Among the pantheon of terrible Christmas songs, I’m especially haunted by Relient K’s 2006 cover of The 12 Days of Christmas. Being 2006, most of the music was terrible, but Relient K were (are?) also a Christian alt rock band, meaning they’re a special sort of awful. In their cover they go through the 12 Days of Christmas, and most of the lyrics are unchanged. The main addition is a chorus where they belt out: “What’s a partridge? What’s a pear tree? I don’t know so please don’t ask me.” It – what? You can understand someone maybe not knowing what a partridge is – it’s not one of the most common birds out there. You don’t immediately conjure up the image when you hear it. It’s not a seagull. But how do you not know what a pear tree is? This is not by any means a new or innovative point, but the 2000s, particularly in American media, had this real witlessness. They took a very specific pride in being stupid, in highlighting their lack of understanding on a particular topic.
Relient K’s Christmas song is just one example – there are plenty of others, and if you lived through the period you will have your own. One of the ones that sticks with me is Agent Cody Banks, a 2003 kids comedy film starring Frankie Muniz as a child spy, in the vein of Young James Bond or Alex Rider. It’s a stupid horny film where most of the jokes revolve around sexual harassment, including one sequence that’s aged particularly poorly where Cody uses his x-ray glasses to look at women’s underwear. The plot of the film has Cody attempt to befriend a young Hilary Duff, at the time incredibly popular as Lizzie McGuire. He is told that her interests include horse riding and TS Eliot, and so he goes up to her and says hey I really love TS Eliot, I love how she captures the female experience. Hilary Duff naturally turns around and says – TS Eliot is a man. The joke here is that Cody Banks is stupid. Duff is cultured and intelligent, she reads modernist poetry, and Cody Banks is a skateboarder. In the strictest sense it’s treated as a character flaw, but in the long run it doesn’t matter. Cody Banks saves the day by being spunky and adventurous. His ignorance is funny, but ultimately not a problem that needs to be overcome. There’s actually a similar sequence in Agent Cody Banks 2 – in a different context, but structurally it’s almost identical. Cody Banks is working with a handler, played by Anthony Anderson. Anderson attends a high society event in a Nigerian boubou, and Banks jeers, “Nice dress, Derek.” As in the first film, Cody’s ignorance is named and countered – everyone explains to Cody what a boubou is, and the scene moves on – but again we see a contrast between Banks as the stupid young American and his blonde, cultured female counterpart, played in the second film by Hannah Spearitt from S Club 7.

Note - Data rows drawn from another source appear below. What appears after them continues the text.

lemma unif_bigo_add:
  assumes "unif_bigo f g S" "unif_bigo h g S"
  shows "unif_bigo (\<lambda>\<eta> p. f \<eta> p + h \<eta> p) g S"
proof -
  obtain C where C: "\<And>\<eta> p. 0 < \<eta> \<Longrightarrow> \<eta> \<le> 1 \<Longrightarrow> p \<in> S \<Longrightarrow> \<bar>f \<eta> p\<bar> \<le> C * g \<eta>"
    using assms(1) by (rule unif_bigoE) blast
  obtain D where D: "\<And>\<eta> p. 0 < \<eta> \<Longrightarrow> \<eta> \<le> 1 \<Longrightarrow> p \<in> S \<Longrightarrow> \<bar>h \<eta> p\<bar> \<le> D * g \<eta>"
    using assms(2) by (rule unif_bigoE) blast
  show ?thesis
  proof (rule unif_bigoI[where C="C + D"])
    fix \<eta> :: real and p assume *: "0 < \<eta>" "\<eta> \<le> 1" "p \<in> S"
    show "\<bar>f \<eta> p + h \<eta> p\<bar> \<le> (C + D) * g \<eta>"
      using C[OF *] D[OF *] abs_triangle_ineq[of "f \<eta> p" "h \<eta> p"] unfolding distrib_right by linarith
  qed
qed

lemma unif_bigo_uminus: "unif_bigo f g S \<Longrightarrow> unif_bigo (\<lambda>\<eta> p. - f \<eta> p) g S"
  unfolding unif_bigo_def by simp

lemma unif_bigo_diff:
  "unif_bigo f g S \<Longrightarrow> unif_bigo h g S \<Longrightarrow> unif_bigo (\<lambda>\<eta> p. f \<eta> p - h \<eta> p) g S"
  using unif_bigo_add[OF _ unif_bigo_uminus, of f g S h] by simp

lemma unif_bigo_mult:
  assumes "unif_bigo f g S" "unif_bigo h (\<lambda>_. 1) S"
  shows "unif_bigo (\<lambda>\<eta> p. f \<eta> p * h \<eta> p) g S"
proof -
  obtain C where C: "\<And>\<eta> p. 0 < \<eta> \<Longrightarrow> \<eta> \<le> 1 \<Longrightarrow> p \<in> S \<Longrightarrow> \<bar>f \<eta> p\<bar> \<le> C * g \<eta>"
    using assms(1) by (rule unif_bigoE) blast
  obtain M where M: "\<And>\<eta> p. 0 < \<eta> \<Longrightarrow> \<eta> \<le> 1 \<Longrightarrow> p \<in> S \<Longrightarrow> \<bar>h \<eta> p\<bar> \<le> M * 1"
    using assms(2) by (rule unif_bigoE) blast
  show ?thesis
  proof (rule unif_bigoI[where C="C * M"])
    fix \<eta> :: real and p assume *: "0 < \<eta>" "\<eta> \<le> 1" "p \<in> S"
    have "0 \<le> C * g \<eta>" using C[OF *] abs_ge_zero[of "f \<eta> p"] by linarith
    then have "\<bar>f \<eta> p\<bar> * \<bar>h \<eta> p\<bar> \<le> C * g \<eta> * M"
      using C[OF *] M[OF *] by (intro mult_mono) simp_all
    then show "\<bar>f \<eta> p * h \<eta> p\<bar> \<le> C * M * g \<eta>" by (simp add: abs_mult mult_ac)
  qed
qed

lemma unif_bigo_mult_left:
  "unif_bigo h (\<lambda>_. 1) S \<Longrightarrow> unif_bigo f g S \<Longrightarrow> unif_bigo (\<lambda>\<eta> p. h \<eta> p * f \<eta> p) g S"
  using unif_bigo_mult[of f g S h] by (simp only: mult.commute)

lemma unif_bigo_cong:
  assumes "unif_bigo f g S" "\<And>\<eta> p. 0 < \<eta> \<Longrightarrow> \<eta> \<le> 1 \<Longrightarrow> p \<in> S \<Longrightarrow> f \<eta> p = f' \<eta> p"
  shows "unif_bigo f' g S"
proof -
  obtain C where "\<And>\<eta> p. 0 < \<eta> \<Longrightarrow> \<eta> \<le> 1 \<Longrightarrow> p \<in> S \<Longrightarrow> \<bar>f \<eta> p\<bar> \<le> C * g \<eta>"
    using assms(1) by (rule unif_bigoE) blast
  with assms(2) show ?thesis by (intro unif_bigoI[where C=C]) simp
qed

lemma unif_bigo_eta_imp_1:
  assumes "unif_bigo f (\<lambda>\<eta>. \<eta>) S"
  shows "unif_bigo f (\<lambda>_. 1) S"
proof -
  obtain C where C: "\<And>\<eta> p. 0 < \<eta> \<Longrightarrow> \<eta> \<le> 1 \<Longrightarrow> p \<in> S \<Longrightarrow> \<bar>f \<eta> p\<bar> \<le> C * \<eta>"
    using assms by (rule unif_bigoE) blast
  have "C * \<eta> \<le> \<bar>C\<bar> * 1" if "0 < \<eta>" "\<eta> \<le> 1" for \<eta>
    using that by (intro mult_mono) auto
  with C show ?thesis by (intro unif_bigoI[where C="\<bar>C\<bar>"]) (meson order_trans)
qed

lemma unif_bigo_mult_diff:
  assumes "unif_bigo (\<lambda>\<eta> p. f1 \<eta> p - g1 \<eta> p) g S" "unif_bigo (\<lambda>\<eta> p. f2 \<eta> p - g2 \<eta> p) g S"
    and "unif_bigo f2 (\<lambda>_. 1) S" "unif_bigo g1 (\<lambda>_. 1) S"
  shows "unif_bigo (\<lambda>\<eta> p. f1 \<eta> p * f2 \<eta> p - g1 \<eta> p * g2 \<eta> p) g S"
proof -
  have "unif_bigo (\<lambda>\<eta> p. (f1 \<eta> p - g1 \<eta> p) * f2 \<eta> p + g1 \<eta> p * (f2 \<eta> p - g2 \<eta> p)) g S"
    using assms by (intro unif_bigo_add unif_bigo_mult unif_bigo_mult_left)
  then show ?thesis by (rule unif_bigo_cong) (simp add: algebra_simps)
qed

lemma unif_bigo_bounded_if_close:
  assumes "unif_bigo (\<lambda>\<eta> p. f \<eta> p - g \<eta> p) (\<lambda>\<eta>. \<eta>) S" "unif_bigo g (\<lambda>_. 1) S"
  shows "unif_bigo f (\<lambda>_. 1) S"
  using unif_bigo_add[OF unif_bigo_eta_imp_1[OF assms(1)] assms(2)] by simp

lemma unif_bigo_sqrt_taylor2:
  assumes p: "p > 0" and W: "unif_bigo W (\<lambda>_. 1) S" and T: "unif_bigo T (\<lambda>_. 1) S"
    and T_nonneg: "\<And>\<eta> q. 0 < \<eta> \<Longrightarrow> \<eta> \<le> 1 \<Longrightarrow> q \<in> S \<Longrightarrow> T \<eta> q \<ge> 0"
  shows "unif_bigo (\<lambda>\<eta> q. W \<eta> q / \<eta> * (sqrt (p^2 + \<eta> * T \<eta> q) - p - \<eta> * T \<eta> q / (2*p))) (\<lambda>\<eta>. \<eta>) S"
proof -
  obtain M where M: "\<And>\<eta> q. 0 < \<eta> \<Longrightarrow> \<eta> \<le> 1 \<Longrightarrow> q \<in> S \<Longrightarrow> \<bar>W \<eta> q\<bar> \<le> M * 1"
    using W by (rule unif_bigoE) blast
  obtain N where N: "\<And>\<eta> q. 0 < \<eta> \<Longrightarrow> \<eta> \<le> 1 \<Longrightarrow> q \<in> S \<Longrightarrow> \<bar>T \<eta> q\<bar> \<le> N * 1"
    using T by (rule unif_bigoE) blast
  show ?thesis
  proof (rule unif_bigoI[where C="M * N^2 / (8 * p^3)"])
    fix \<eta> :: real and q assume \<eta>: "0 < \<eta>" "\<eta> \<le> 1" and q: "q \<in> S"
    have T0: "0 \<le> \<eta> * T \<eta> q" using T_nonneg[OF \<eta> q] \<eta> by simp
    have "(\<eta> * T \<eta> q)^2 \<le> (\<eta> * N)^2"
      using N[OF \<eta> q] T0 \<eta> by (intro power_mono mult_left_mono) auto
    then have "\<bar>sqrt (p^2 + \<eta> * T \<eta> q) - p - \<eta> * T \<eta> q / (2*p)\<bar> \<le> (\<eta> * N)^2 / (8 * p^3)"
      using abs_sqrt_add_taylor2_le[OF p T0] p by (simp add: divide_right_mono order_trans)
    then have "\<bar>W \<eta> q\<bar> / \<eta> * \<bar>sqrt (p^2 + \<eta> * T \<eta> q) - p - \<eta> * T \<eta> q / (2*p)\<bar> \<le> M / \<eta> * ((\<eta> * N)^2 / (8 * p^3))"
      using M[OF \<eta> q] \<eta> by (intro mult_mono divide_right_mono) auto
    also have "\<dots> = M * N^2 / (8 * p^3) * \<eta>" using \<eta> by (simp add: power2_eq_square)
    finally show "\<bar>W \<eta> q / \<eta> * (sqrt (p^2 + \<eta> * T \<eta> q) - p - \<eta> * T \<eta> q / (2*p))\<bar> \<le> M * N^2 / (8 * p^3) * \<eta>"
      using \<eta> by (simp add: abs_mult)
  qed
qed

lemma unif_bigo_inverse_sqrt_diff:
  assumes p: "p > 0" and T: "unif_bigo T (\<lambda>_. 1) S"
    and T_nonneg: "\<And>\<eta> q. 0 < \<eta> \<Longrightarrow> \<eta> \<le> 1 \<Longrightarrow> q \<in> S \<Longrightarrow> T \<eta> q \<ge> 0"
  shows "unif_bigo (\<lambda>\<eta> q. 1 / sqrt (p^2 + \<eta> * T \<eta> q) - 1 / p) (\<lambda>\<eta>. \<eta>) S"
proof -
  obtain N where N: "\<And>\<eta> q. 0 < \<eta> \<Longrightarrow> \<eta> \<le> 1 \<Longrightarrow> q \<in> S \<Longrightarrow> \<bar>T \<eta> q\<bar> \<le> N * 1"
    using T by (rule unif_bigoE) blast
  show ?thesis
  proof (rule unif_bigoI[where C="N / (2 * p^3)"])
    fix \<eta> :: real and q assume \<eta>: "0 < \<eta>" "\<eta> \<le> 1" and q: "q \<in> S"
    have T0: "0 \<le> \<eta> * T \<eta> q" using T_nonneg[OF \<eta> q] \<eta> by simp
    have "\<bar>1 / sqrt (p^2 + \<eta> * T \<eta> q) - 1 / p\<bar> \<le> \<eta> * T \<eta> q / (2 * p^3)"
      by (rule abs_inverse_sqrt_add_diff_le[OF p T0])
    also have "\<dots> \<le> \<eta> * N / (2 * p^3)"
      using N[OF \<eta> q] \<eta> p by (intro divide_right_mono mult_left_mono) auto
    finally show "\<bar>1 / sqrt (p^2 + \<eta> * T \<eta> q) - 1 / p\<bar> \<le> N / (2 * p^3) * \<eta>" by (simp add: mult.commute)
  qed
qed

lemma unif_bigo_inverse_sqrt:
  assumes p: "p > 0" and T_nonneg: "\<And>\<eta> q. 0 < \<eta> \<Longrightarrow> \<eta> \<le> 1 \<Longrightarrow> q \<in> S \<Longrightarrow> T \<eta> q \<ge> 0"
  shows "unif_bigo (\<lambda>\<eta> q. 1 / sqrt (p^2 + \<eta> * T \<eta> q)) (\<lambda>_. 1) S"
proof (rule unif_bigoI[where C="1 / p"])
  fix \<eta> :: real and q assume "0 < \<eta>" "\<eta> \<le> 1" "q \<in> S"
  then have "p \<le> sqrt (p^2 + \<eta> * T \<eta> q)" using sqrt_add_bounds(1)[OF p] T_nonneg by simp
  then show "\<bar>1 / sqrt (p^2 + \<eta> * T \<eta> q)\<bar> \<le> 1 / p * 1" using p by (simp add: frac_le)
qed

section \<open>Green function and conjugation symmetry\<close>

lemma Gamma3_mult_cnj:
  assumes "dist z x > 0" "dist y x > 0"
  shows "Gamma3 k z x * cnj (Gamma3 k' y x)
    = of_real (1 / (16 * pi^2)) * (of_real (1 / dist z x * (1 / dist y x)) * cis (k * dist z x - k' * dist y x))"
  using assms unfolding Gamma3_def
  by (simp add: cis_cnj cis_mult cis_divide[symmetric] power2_eq_square field_simps flip: of_real_mult)

lemma psf_swap: "psf cs c l B y z = cnj (psf c cs l B z y)"
  unfolding psf_def by (simp add: HK_integral_cnj[symmetric] mult.commute)

lemma GG_uminus: "GG (- \<xi>1) (- \<xi>2) = cnj (GG \<xi>1 \<xi>2)"
  unfolding GG_def by (simp add: HK_integral_cnj[symmetric] cis_cnj)

lemma lead1_swap: "lead1 cs c l0 B \<eta> y z = cnj (lead2 c cs l0 B \<eta> z y)"
proof -
  have "phi cs c z = phi_inv c cs z" unfolding phi_def phi_inv_def ..
  then show ?thesis
    unfolding lead1_def lead2_def Let_def
    by (simp add: HK_integral_cnj[symmetric] cis_cnj GG_uminus[symmetric])
      (intro disjI2 integral_cong, simp add: algebra_simps diff_divide_distrib)
qed

section \<open>The paraxial regime\<close>

locale paraxial_setting =
  fixes c cs l0 a b zpar ypar :: real and zp yp :: "real^2"
  assumes c_pos: "c > 0" and cs_pos: "cs > 0" and l0_pos: "l0 > 0"
    and a_nonneg: "0 \<le> a" and a_le_b: "a \<le> b"
    and zpar_pos: "zpar > 0" and ypar_pos: "ypar > 0"
begin

abbreviation band_square :: "(real \<times> (real^2)) set" where
  "band_square \<equiv> {a..b} \<times> sq2 1"

lemma unif_bigo_band_continuous:
  "continuous_on band_square f \<Longrightarrow> unif_bigo (\<lambda>_. f) (\<lambda>_. 1) band_square"
  by (rule unif_bigo_continuous) (auto simp: sq2_def intro: compact_Times)

definition probe_dist :: "real^2 \<Rightarrow> real \<Rightarrow> real \<Rightarrow> real^2 \<Rightarrow> real" where
  "probe_dist v p \<eta> u = sqrt (p^2 + \<eta> * (norm (v - l0 *\<^sub>R u))^2)"

lemma dist_parax_probe:
  assumes "\<eta> > 0"
  shows "dist (parax \<eta> v p) ((sqrt \<eta> * l0) *\<^sub>R u, 0) = probe_dist v p \<eta> u"
proof -
  have "sqrt \<eta> *\<^sub>R v - (sqrt \<eta> * l0) *\<^sub>R u = sqrt \<eta> *\<^sub>R (v - l0 *\<^sub>R u)"
    by (simp add: scaleR_diff_right)
  then have "(dist (sqrt \<eta> *\<^sub>R v) ((sqrt \<eta> * l0) *\<^sub>R u))^2 = \<eta> * (norm (v - l0 *\<^sub>R u))^2"
    using assms by (simp add: dist_norm power_mult_distrib)
  then show ?thesis unfolding parax_def probe_dist_def dist_Pair_Pair by (simp add: add.commute)
qed

lemma probe_dist_pos: "p > 0 \<Longrightarrow> \<eta> > 0 \<Longrightarrow> probe_dist v p \<eta> u > 0"
  unfolding probe_dist_def by (intro real_sqrt_gt_zero add_pos_nonneg) auto

definition exact_amp :: "real \<Rightarrow> real \<times> (real^2) \<Rightarrow> real" where
  "exact_amp \<eta> q = 1 / probe_dist zp zpar \<eta> (snd q) * (1 / probe_dist yp ypar \<eta> (snd q))"

definition exact_phase :: "real \<Rightarrow> real \<times> (real^2) \<Rightarrow> real" where
  "exact_phase \<eta> q = fst q / \<eta> * (probe_dist zp zpar \<eta> (snd q) / c - probe_dist yp ypar \<eta> (snd q) / cs)"

lemma probe_integral_parax_eq:
  assumes "\<eta> > 0"
  shows "integral (sq2 (sqrt \<eta> * l0))
      (\<lambda>x. Gamma3 (\<omega> / c) (parax \<eta> zp zpar) (x, 0) * cnj (Gamma3 (\<omega> / cs) (parax \<eta> yp ypar) (x, 0)))
    = of_real (\<eta> * l0^2 / (16 * pi^2)) *
      integral (sq2 1) (\<lambda>u. of_real (exact_amp \<eta> (\<eta> * \<omega>, u)) * cis (exact_phase \<eta> (\<eta> * \<omega>, u)))"
proof -
  have m: "sqrt \<eta> * l0 > 0" using assms l0_pos by simp
  have "Gamma3 (\<omega> / c) (parax \<eta> zp zpar) ((sqrt \<eta> * l0) *\<^sub>R u, 0) * cnj (Gamma3 (\<omega> / cs) (parax \<eta> yp ypar) ((sqrt \<eta> * l0) *\<^sub>R u, 0))
      = of_real (1 / (16 * pi^2)) * (of_real (exact_amp \<eta> (\<eta> * \<omega>, u)) * cis (exact_phase \<eta> (\<eta> * \<omega>, u)))" for u
    using assms zpar_pos ypar_pos
    by (subst Gamma3_mult_cnj) (simp_all add: dist_parax_probe probe_dist_pos exact_amp_def exact_phase_def right_diff_distrib)
  then show ?thesis
    using assms l0_pos by (simp add: integral_sq2_scaleR[OF m] scaleR_conv_of_real power_mult_distrib)
qed
lemma rpbd_count_est_affine:
  "rpbd_count_est b r lam \<epsilon> n
     = (\<lambda>k. 1 / ((real r - real lam) * (exp \<epsilon> - 1) * (real n * rpbd_alpha b r \<epsilon>)) * real k
            + (real lam - real lam * exp \<epsilon> - real r) / ((real r - real lam) * (exp \<epsilon> - 1)))"
proof
  fix k
  let ?d = "(real r - real lam) * (exp \<epsilon> - 1)"
  show "rpbd_count_est b r lam \<epsilon> n k
     = 1 / (?d * (real n * rpbd_alpha b r \<epsilon>)) * real k + (real lam - real lam * exp \<epsilon> - real r) / ?d"
    unfolding rpbd_count_est_def right_diff_distrib
    by (simp add: diff_divide_distrib add_divide_distrib)
qed

lemma rpbd_scale_invariant:
  assumes "0 < t" "real b' = t * real b" "real r' = t * real r" "real lam' = t * real lam"
  shows "rpbd_count_est b' r' lam' \<epsilon> n = rpbd_count_est b r lam \<epsilon> n"
    and "rpbd_hit_prob b' r' lam' \<epsilon> = rpbd_hit_prob b r lam \<epsilon>"
proof -
  have alpha: "rpbd_alpha b' r' \<epsilon> = rpbd_alpha b r \<epsilon> / t"
    using assms(1-3) by (simp add: rpbd_alpha_def algebra_simps)
  show "rpbd_count_est b' r' lam' \<epsilon> n = rpbd_count_est b r lam \<epsilon> n"
  proof
    fix k
    have k: "real k / (real n * rpbd_alpha b' r' \<epsilon>) = t * (real k / (real n * rpbd_alpha b r \<epsilon>))"
      by (simp add: alpha)
    have r: "real r' - real lam' = t * (real r - real lam)"
      and c: "real lam' * exp \<epsilon> + real r' - real lam' = t * (real lam * exp \<epsilon> + real r - real lam)"
      using assms(3,4) by (simp_all add: algebra_simps)
    show "rpbd_count_est b' r' lam' \<epsilon> n k = rpbd_count_est b r lam \<epsilon> n k"
      unfolding rpbd_count_est_def k r c using assms(1)
      by (simp add: mult.assoc del: times_divide_eq_right flip: right_diff_distrib)
  qed
  show "rpbd_hit_prob b' r' lam' \<epsilon> = rpbd_hit_prob b r lam \<epsilon>"
    using assms(1) by (simp add: fun_eq_iff rpbd_hit_prob_def alpha assms(3,4) field_simps)
qed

The 00s in general I think can be characterized as the stupid decade, so much is the focus on idiocy and the figure of the moron. The vacuous consumerism of the 80s and 90s was obviously exploded by 9/11, which prompted a long run of disaster and apocalypse movies – but also, I think, the paired phenomenon of tales of the American idiot. Spielberg’s War of the Worlds, which for my money is sort of the archetypal post-9/11 disaster movie, came out in 2005. It sits at the head of a whole host of other disaster or apocalypse movies from the period – 2012, The Day After Tomorrow, Poseidon, The Impossible (a Ewan McGregor film about the 2004 Boxing Day tsunami), and I’d even include zombie apocalypse films like 28 Days Later. All of these films focus on the exteriority of disaster, on the lived and experienced effects. In War of the Worlds, it’s about the carcass of the crashed plane, the rubble. It’s about Tom Cruise coated in dust and grime in a pretty direct visual reference to the images of first responders coming away from the Towers. All of these films are paired with the more interior books and stories, all the soul-searching titles looking for the root of the problem in American cultural decline. Michael Moore’s Stupid White Men came out in 2001. Green Day’s American Idiot was 2004, and Idiocracy was 2006. All through these years the media was dominated by stories about Bush’s verbal gaffes in interviews and speeches – his Bushisms. It’s the same thing that led people to circulate Caitlin Upton‘s faltering answer in a Miss Teen USA pageant in 2007 (“I personally believe that U.S. Americans are unable to do so because, um, some people out there in our nation don’t have maps”). Agent Cody Banks and the Relient K Christmas song are very minor titles in that lineage, but they both tap into the themes of American stupidity that seem so directly to rise out of 9/11. It’s considered a cultural malaise but also embraced as a form of identity. It’s a problem and a point of honour, and it led to a bunch of really obnoxious, stupid art. What’s a partridge? What’s a pear tree? Awful.